What to work on:
Using the word "blocks" as the filter, copy each matching line from the records.

Provided material:
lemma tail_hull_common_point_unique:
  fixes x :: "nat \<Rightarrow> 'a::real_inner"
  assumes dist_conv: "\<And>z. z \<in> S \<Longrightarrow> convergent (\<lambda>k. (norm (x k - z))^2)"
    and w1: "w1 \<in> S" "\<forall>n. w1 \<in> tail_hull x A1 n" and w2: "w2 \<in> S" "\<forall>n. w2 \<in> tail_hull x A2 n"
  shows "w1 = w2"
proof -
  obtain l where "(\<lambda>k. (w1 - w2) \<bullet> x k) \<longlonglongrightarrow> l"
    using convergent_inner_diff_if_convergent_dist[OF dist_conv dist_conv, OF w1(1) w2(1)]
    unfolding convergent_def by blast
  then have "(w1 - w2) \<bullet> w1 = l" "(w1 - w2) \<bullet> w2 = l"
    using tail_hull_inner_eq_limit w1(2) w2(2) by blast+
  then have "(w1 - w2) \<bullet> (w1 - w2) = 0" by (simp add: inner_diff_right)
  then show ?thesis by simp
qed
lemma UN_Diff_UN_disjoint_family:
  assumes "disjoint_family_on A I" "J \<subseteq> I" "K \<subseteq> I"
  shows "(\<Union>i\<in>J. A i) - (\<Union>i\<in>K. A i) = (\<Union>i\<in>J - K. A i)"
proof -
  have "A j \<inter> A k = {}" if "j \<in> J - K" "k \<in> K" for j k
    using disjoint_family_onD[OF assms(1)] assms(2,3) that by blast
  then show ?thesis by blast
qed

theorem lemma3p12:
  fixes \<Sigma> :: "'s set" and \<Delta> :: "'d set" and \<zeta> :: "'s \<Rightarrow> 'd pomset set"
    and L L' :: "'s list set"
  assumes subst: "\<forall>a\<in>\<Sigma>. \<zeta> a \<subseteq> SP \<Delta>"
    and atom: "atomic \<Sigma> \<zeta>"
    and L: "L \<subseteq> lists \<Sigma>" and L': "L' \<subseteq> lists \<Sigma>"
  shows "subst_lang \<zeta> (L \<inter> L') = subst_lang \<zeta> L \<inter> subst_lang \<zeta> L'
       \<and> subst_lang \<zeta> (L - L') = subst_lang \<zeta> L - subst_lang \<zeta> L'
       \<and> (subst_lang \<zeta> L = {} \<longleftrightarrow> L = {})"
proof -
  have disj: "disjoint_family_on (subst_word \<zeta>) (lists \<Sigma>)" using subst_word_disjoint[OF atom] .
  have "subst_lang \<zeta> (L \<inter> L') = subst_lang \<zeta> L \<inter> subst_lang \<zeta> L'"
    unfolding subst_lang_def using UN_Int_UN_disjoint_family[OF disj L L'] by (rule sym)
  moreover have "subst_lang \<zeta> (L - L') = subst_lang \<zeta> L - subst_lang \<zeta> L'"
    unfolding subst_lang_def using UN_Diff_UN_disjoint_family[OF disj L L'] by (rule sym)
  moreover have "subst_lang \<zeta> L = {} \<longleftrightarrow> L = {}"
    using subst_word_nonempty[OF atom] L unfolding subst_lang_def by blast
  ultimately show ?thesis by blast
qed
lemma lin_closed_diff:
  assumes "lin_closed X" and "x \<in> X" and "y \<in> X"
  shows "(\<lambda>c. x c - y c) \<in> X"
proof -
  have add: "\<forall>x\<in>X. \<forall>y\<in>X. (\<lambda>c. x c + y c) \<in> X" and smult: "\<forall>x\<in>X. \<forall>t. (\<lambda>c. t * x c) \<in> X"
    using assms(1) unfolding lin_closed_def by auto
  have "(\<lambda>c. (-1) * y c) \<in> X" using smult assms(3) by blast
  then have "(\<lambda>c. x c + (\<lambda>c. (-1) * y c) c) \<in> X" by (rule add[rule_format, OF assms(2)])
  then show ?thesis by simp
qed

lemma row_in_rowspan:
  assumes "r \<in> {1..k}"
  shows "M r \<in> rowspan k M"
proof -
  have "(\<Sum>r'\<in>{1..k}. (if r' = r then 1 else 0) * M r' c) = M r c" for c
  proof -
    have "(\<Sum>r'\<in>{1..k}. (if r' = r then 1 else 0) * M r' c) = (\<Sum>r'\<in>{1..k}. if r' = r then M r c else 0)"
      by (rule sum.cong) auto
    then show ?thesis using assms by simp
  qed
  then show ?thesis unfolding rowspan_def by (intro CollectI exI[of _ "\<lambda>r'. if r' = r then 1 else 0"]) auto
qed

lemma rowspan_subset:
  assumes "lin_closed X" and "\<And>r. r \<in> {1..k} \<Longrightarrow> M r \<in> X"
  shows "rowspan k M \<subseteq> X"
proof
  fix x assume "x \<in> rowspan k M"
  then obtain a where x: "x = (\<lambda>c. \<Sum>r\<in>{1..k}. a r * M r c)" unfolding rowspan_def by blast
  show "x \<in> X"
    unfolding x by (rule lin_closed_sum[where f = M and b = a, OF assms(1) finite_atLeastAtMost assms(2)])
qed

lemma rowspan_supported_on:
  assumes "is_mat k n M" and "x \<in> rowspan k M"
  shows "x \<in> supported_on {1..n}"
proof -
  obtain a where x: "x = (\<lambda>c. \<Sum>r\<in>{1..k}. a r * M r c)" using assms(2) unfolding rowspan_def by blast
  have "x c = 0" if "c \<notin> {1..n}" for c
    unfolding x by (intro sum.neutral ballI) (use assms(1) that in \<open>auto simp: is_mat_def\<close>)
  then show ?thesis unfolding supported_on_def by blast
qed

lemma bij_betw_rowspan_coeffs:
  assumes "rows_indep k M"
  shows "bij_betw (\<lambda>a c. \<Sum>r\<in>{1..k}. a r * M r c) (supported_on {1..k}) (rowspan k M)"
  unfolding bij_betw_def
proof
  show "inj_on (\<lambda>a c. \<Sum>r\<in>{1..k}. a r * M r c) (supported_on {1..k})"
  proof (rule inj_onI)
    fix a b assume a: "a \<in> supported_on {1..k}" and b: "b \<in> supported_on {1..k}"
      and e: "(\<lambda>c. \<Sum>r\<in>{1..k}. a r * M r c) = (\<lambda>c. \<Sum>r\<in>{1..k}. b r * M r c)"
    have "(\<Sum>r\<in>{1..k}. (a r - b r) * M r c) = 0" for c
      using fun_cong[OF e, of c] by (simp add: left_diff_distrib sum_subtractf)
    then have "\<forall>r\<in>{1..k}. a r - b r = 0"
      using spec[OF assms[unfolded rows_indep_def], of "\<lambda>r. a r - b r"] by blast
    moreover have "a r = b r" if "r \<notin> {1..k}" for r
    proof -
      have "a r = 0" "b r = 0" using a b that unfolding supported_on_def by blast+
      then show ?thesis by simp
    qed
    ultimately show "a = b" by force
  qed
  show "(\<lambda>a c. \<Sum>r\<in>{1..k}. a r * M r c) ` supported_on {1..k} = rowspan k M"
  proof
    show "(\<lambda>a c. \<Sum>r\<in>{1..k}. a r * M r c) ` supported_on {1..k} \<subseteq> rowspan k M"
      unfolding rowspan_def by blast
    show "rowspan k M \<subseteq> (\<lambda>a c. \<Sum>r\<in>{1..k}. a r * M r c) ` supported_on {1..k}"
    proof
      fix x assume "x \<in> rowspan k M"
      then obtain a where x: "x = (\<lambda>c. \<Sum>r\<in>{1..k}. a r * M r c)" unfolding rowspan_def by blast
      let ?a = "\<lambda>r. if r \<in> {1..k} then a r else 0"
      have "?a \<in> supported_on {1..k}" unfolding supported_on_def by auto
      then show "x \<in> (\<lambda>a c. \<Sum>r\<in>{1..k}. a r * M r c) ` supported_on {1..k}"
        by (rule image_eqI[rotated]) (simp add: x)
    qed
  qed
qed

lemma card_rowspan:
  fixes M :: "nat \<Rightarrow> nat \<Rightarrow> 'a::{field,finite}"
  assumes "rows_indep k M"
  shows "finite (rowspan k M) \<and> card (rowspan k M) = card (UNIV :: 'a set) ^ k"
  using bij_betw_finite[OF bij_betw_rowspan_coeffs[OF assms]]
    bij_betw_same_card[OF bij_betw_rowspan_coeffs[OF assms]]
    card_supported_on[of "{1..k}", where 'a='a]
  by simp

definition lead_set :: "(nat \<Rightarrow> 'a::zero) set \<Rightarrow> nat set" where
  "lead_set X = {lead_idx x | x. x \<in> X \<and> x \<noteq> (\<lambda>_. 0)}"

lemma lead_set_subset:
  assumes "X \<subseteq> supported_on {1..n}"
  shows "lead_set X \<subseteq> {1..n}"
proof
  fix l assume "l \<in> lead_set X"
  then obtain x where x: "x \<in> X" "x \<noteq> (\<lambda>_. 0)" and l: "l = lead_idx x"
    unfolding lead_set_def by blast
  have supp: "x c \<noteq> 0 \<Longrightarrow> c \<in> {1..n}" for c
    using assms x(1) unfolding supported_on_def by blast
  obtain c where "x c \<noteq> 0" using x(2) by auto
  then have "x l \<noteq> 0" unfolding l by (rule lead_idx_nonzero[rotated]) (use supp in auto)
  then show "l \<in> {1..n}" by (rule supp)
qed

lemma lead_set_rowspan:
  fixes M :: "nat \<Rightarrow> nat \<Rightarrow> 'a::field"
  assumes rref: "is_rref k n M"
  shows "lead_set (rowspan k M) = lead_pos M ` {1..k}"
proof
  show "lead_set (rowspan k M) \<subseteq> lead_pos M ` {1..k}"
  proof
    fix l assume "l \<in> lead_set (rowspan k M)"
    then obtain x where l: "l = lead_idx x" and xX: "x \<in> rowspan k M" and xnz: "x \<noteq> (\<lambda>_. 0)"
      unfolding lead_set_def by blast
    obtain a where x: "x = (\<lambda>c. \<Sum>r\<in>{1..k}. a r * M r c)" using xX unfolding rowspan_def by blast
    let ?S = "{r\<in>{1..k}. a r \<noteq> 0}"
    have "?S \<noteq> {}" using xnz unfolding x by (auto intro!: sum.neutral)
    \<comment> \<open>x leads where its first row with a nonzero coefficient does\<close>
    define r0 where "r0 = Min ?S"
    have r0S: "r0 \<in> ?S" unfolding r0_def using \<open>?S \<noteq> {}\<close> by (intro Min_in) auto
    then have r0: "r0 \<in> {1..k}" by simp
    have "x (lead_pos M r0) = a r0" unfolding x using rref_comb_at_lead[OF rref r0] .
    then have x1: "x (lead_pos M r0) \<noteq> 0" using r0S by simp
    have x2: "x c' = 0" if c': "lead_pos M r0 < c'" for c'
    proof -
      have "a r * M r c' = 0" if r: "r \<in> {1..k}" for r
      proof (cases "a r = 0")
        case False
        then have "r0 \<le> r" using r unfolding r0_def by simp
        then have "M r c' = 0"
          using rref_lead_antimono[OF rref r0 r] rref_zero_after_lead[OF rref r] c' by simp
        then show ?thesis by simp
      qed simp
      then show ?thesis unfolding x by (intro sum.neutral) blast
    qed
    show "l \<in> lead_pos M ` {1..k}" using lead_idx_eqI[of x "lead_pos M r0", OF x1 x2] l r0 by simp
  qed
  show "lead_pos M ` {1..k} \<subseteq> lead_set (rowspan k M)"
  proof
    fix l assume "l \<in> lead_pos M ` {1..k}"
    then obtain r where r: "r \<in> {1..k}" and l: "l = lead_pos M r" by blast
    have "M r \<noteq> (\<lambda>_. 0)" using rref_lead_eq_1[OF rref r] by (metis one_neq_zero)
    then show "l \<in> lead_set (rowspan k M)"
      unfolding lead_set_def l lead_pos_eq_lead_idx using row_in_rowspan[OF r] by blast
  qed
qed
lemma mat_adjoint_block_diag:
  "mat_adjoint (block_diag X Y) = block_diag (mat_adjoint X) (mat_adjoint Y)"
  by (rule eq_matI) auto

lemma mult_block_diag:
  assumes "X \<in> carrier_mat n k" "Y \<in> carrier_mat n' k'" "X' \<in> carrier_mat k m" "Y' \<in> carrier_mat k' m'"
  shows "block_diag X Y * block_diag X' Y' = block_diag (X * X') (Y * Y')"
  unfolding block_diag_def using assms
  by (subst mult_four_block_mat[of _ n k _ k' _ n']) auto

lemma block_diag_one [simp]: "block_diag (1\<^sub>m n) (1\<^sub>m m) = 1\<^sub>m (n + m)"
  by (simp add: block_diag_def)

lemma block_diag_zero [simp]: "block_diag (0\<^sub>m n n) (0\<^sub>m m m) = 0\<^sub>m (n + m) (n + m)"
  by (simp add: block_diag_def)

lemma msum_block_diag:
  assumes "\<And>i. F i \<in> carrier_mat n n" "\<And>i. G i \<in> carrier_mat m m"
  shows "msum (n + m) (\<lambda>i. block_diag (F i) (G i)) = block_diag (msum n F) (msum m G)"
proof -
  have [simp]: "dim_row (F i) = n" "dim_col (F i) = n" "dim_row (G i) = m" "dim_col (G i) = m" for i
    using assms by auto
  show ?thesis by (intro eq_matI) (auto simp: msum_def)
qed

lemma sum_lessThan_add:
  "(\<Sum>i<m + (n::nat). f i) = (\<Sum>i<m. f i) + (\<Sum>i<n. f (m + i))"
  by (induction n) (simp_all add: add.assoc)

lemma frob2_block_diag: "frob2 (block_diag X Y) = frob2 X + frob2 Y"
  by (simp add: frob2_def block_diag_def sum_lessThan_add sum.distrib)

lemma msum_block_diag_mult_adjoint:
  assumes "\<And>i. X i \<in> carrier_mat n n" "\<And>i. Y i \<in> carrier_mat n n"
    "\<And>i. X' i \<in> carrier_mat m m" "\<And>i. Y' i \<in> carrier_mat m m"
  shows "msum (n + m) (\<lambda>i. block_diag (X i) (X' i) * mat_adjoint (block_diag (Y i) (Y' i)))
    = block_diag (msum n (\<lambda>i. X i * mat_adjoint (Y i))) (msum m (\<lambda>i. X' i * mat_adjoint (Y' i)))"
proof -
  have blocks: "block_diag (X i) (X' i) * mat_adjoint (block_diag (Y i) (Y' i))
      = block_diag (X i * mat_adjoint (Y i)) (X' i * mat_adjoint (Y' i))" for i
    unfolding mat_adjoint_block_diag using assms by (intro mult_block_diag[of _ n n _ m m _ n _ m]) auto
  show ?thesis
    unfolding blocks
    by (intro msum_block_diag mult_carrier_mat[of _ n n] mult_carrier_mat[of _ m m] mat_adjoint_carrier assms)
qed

Task result:
  have blocks: "block_diag (X i) (X' i) * mat_adjoint (block_diag (Y i) (Y' i))
    unfolding blocks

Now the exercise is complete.